Authors: Chenhe Du, Xuanyu Tian, Qing Wu, Muyu Liu, Jingyi Yu, Hongjiang Wei, Yuyao Zhang
Subjects: cs.CV, cs.LG, eess.IV
Abstract URL: https://arxiv.org/abs/2602.23214
Pdf URL: https://arxiv.org/pdf/2602.23214
Copy Paste: [[2602.23214]] Plug-and-Play Diffusion Meets ADMM: Dual-Variable Coupling for Robust Medical Image Reconstruction(https://arxiv.org/abs/2602.23214)
Keywords: generative
Abstract: Plug-and-Play diffusion prior (PnPDP) frameworks have emerged as a powerful paradigm for solving imaging inverse problems by treating pretrained generative models as modular priors.
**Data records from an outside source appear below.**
(* Let $G$ be a connected weighted multigraph on the vertex set $V$, $|V|=n\ge2$, with positive edge weights, weighted adjacency matrix $A$ and Perron vector $p$. Let $p'=\sqrt n\,p/\|p\|_2$ and $P'=\operatorname{diag}p'$, and let $G'$ be the weighted graph on $V$ whose weighted adjacency matrix is $P'AP'$. Then for all $i,j\in V$, the long walk distance $d^{LW}(i,j)$ in $G$ equals the resistance distance between $i$ and $j$ in $G'$.
   Context: Loops and multiple edges are allowed; $A=(a_{ij})$ has $a_{ij}$ equal to the sum of weights of the edges joining $i$ and $j$. $\rho$ is the spectral radius of $A$ and the Perron vector $p$ is the positive eigenvector of $A$ for $\rho$ with entries summing to 1. The long walk distance is $d^{LW}(i,j)=\lim_{\alpha\to\infty}\theta\bigl(\tfrac12(\ln r_{ii}+\ln r_{jj})-\ln r_{ij}\bigr)$, where $(r_{ij})=(I-tA)^{-1}$, $t=(\rho+\alpha^{-1})^{-1}$, $\theta=\ln(e+\alpha^{2/n})\frac{\alpha-1}{\ln\alpha}$. For a graph with weighted adjacency matrix $B$, the Laplacian is $L=\operatorname{diag}(B\mathbf 1)-B$ and the resistance distance is $(e_i-e_j)^{\mathsf T}L^{+}(e_i-e_j)$, $L^+$ the Moore–Penrose inverse. *)

theory Defs
  imports "HOL-Analysis.Analysis"
begin

text \<open>Vertices are the elements of a finite type 'n; a weighted multigraph (loops and
multiple edges allowed, positive weights) is represented by its weighted adjacency matrix,
which is exactly a symmetric matrix with nonnegative real entries.\<close>

definition weighted_adjacency :: "real^'n^'n \<Rightarrow> bool" where
  "weighted_adjacency A \<longleftrightarrow> transpose A = A \<and> (\<forall>i j. A$i$j \<ge> 0)"

definition connected_graph :: "real^'n^'n \<Rightarrow> bool" where
  "connected_graph A \<longleftrightarrow> (\<forall>i j. (i, j) \<in> {(k, l). A$k$l > 0}\<^sup>*)"

definition spectral_radius :: "real^'n^'n \<Rightarrow> real" where
  "spectral_radius A = Sup {cmod c | c. \<exists>v :: complex^'n. v \<noteq> 0 \<and>
      (\<chi> i j. complex_of_real (A$i$j)) *v v = c *s v}"

definition perron_vector :: "real^'n^'n \<Rightarrow> real^'n" where
  "perron_vector A = (THE p. (\<forall>i. p$i > 0) \<and> A *v p = spectral_radius A *\<^sub>R p
       \<and> sum (\<lambda>i. p$i) UNIV = 1)"

definition long_walk_approx :: "real^'n^'n \<Rightarrow> 'n \<Rightarrow> 'n \<Rightarrow> real \<Rightarrow> real" where
  "long_walk_approx A i j a =
     (let t = inverse (spectral_radius A + inverse a);
          r = matrix_inv (mat 1 - t *\<^sub>R A);
          th = ln (exp 1 + a powr (2 / real CARD('n))) * (a - 1) / ln a
      in th * ((ln (r$i$i) + ln (r$j$j)) / 2 - ln (r$i$j)))"

definition long_walk_dist :: "real^'n^'n \<Rightarrow> 'n \<Rightarrow> 'n \<Rightarrow> real" where
  "long_walk_dist A i j = Lim at_top (long_walk_approx A i j)"

definition moore_penrose :: "real^'n^'n \<Rightarrow> real^'n^'n" where
  "moore_penrose L = (THE X. L ** X ** L = L \<and> X ** L ** X = X \<and>
       transpose (L ** X) = L ** X \<and> transpose (X ** L) = X ** L)"

definition laplacian :: "real^'n^'n \<Rightarrow> real^'n^'n" where
  "laplacian B = (\<chi> i j. (if i = j then (\<Sum>k\<in>UNIV. B$i$k) else 0) - B$i$j)"

definition resistance_dist :: "real^'n^'n \<Rightarrow> 'n \<Rightarrow> 'n \<Rightarrow> real" where
  "resistance_dist B i j =
     (let e = (\<lambda>k. axis k (1::real)) in (e i - e j) \<bullet> (moore_penrose (laplacian B) *v (e i - e j)))"

end

theory Submission
  imports Defs "HOL-Real_Asymp.Real_Asymp"
begin

text \<open>Let \<open>\<rho>\<close> be the spectral radius, \<open>q\<close> the unit Perron vector and \<open>M = \<rho> I - A\<close>. Perron--Frobenius
  makes \<open>M\<close> positive semidefinite with kernel spanned by \<open>q\<close>, so splitting off the kernel direction
  gives, for \<open>t = (\<rho> + 1/\<alpha>)\<^sup>-\<^sup>1\<close>,
  \<open>(I - t A)\<^sup>-\<^sup>1 = (\<rho> + 1/\<alpha>) \<alpha> (q q\<^sup>T + W(1/\<alpha>) / \<alpha>)\<close> with \<open>W(\<epsilon>) \<rightarrow> M\<^sup>+\<close> as \<open>\<epsilon> \<rightarrow> 0\<close>.
  Hence \<open>ln r\<^sub>k\<^sub>l = c(\<alpha>) + ln (q\<^sub>k q\<^sub>l) + M\<^sup>+\<^sub>k\<^sub>l / (\<alpha> q\<^sub>k q\<^sub>l) + o(1/\<alpha>)\<close>, and as \<open>\<theta> \<sim> 2\<alpha>/n\<close>
  the long walk distance is \<open>(2/n) (\<onehalf> (M\<^sup>+\<^sub>i\<^sub>i/q\<^sub>i\<^sup>2 + M\<^sup>+\<^sub>j\<^sub>j/q\<^sub>j\<^sup>2) - M\<^sup>+\<^sub>i\<^sub>j/(q\<^sub>i q\<^sub>j))\<close>.
  On the other side, the Laplacian of \<open>G'\<close> is \<open>n D M D\<close> with \<open>D = diag q\<close>, and solving
  \<open>L y = e\<^sub>i - e\<^sub>j\<close> through \<open>M\<^sup>+\<close> gives the same value for the resistance distance.\<close>

lemma inner_matrix_vector_symmetric:
  fixes S :: "real^'n^'n"
  assumes "transpose S = S"
  shows "x \<bullet> (S *v y) = y \<bullet> (S *v x)"
  by (metis assms dot_lmul_matrix inner_commute transpose_matrix_vector)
However, we identify a critical flaw in prevailing PnP solvers (e.g., based on HQS or Proximal Gradient): they function as memoryless operators, updating estimates solely based on instantaneous gradients. This lack of historical tracking inevitably leads to non-vanishing steady-state bias, where the reconstruction fails to strictly satisfy physical measurements under heavy corruption. To resolve this, we propose Dual-Coupled PnP Diffusion, which restores the classical dual variable to provide integral feedback, theoretically guaranteeing asymptotic convergence to the exact data manifold. However, this rigorous geometric coupling introduces a secondary challenge: the accumulated dual residuals exhibit spectrally colored, structured artifacts that violate the Additive White Gaussian Noise (AWGN) assumption of diffusion priors, causing severe hallucinations. To bridge this gap, we introduce Spectral Homogenization (SH), a frequency-domain adaptation mechanism that modulates these structured residuals into statistically compliant pseudo-AWGN inputs. This effectively aligns the solver's rigorous optimization trajectory with the denoiser's valid statistical manifold. Extensive experiments on CT and MRI reconstruction demonstrate that our approach resolves the bias-hallucination trade-off, achieving state-of-the-art fidelity with significantly accelerated convergence.
摘要：即插即用扩散先验（PnPDP）框架已成为通过将预训练生成模型视为模块化先验来解决成像逆问题的强大范例。然而，我们发现了流行的 PnP 求解器（例如，基于 HQS 或近似梯度）的一个关键缺陷：它们充当无记忆算子，仅根据瞬时梯度更新估计。缺乏历史跟踪不可避免地会导致不消失的稳态偏差，其中重建无法严格满足严重腐败下的物理测量。为了解决这个问题，我们提出了双耦合 PnP 扩散，它恢复经典的对偶变量以提供积分反馈，理论上保证渐近收敛到精确的数据流形。然而，这种严格的几何耦合带来了第二个挑战：累积的对偶残差表现出光谱颜色的结构化伪影，违反了扩散先验的加性高斯白噪声（AWGN）假设，导致严重的幻觉。为了弥补这一差距，我们引入了频谱均质化（SH），这是一种频域适应机制，可将这些结构化残差调制为统计上兼容的伪 AWGN 输入。这有效地将求解器的严格优化轨迹与降噪器的有效统计流形保持一致。 CT 和 MRI 重建的大量实验表明，我们的方法解决了偏差与幻觉的权衡，实现了最先进的保真度，并显着加速了收敛。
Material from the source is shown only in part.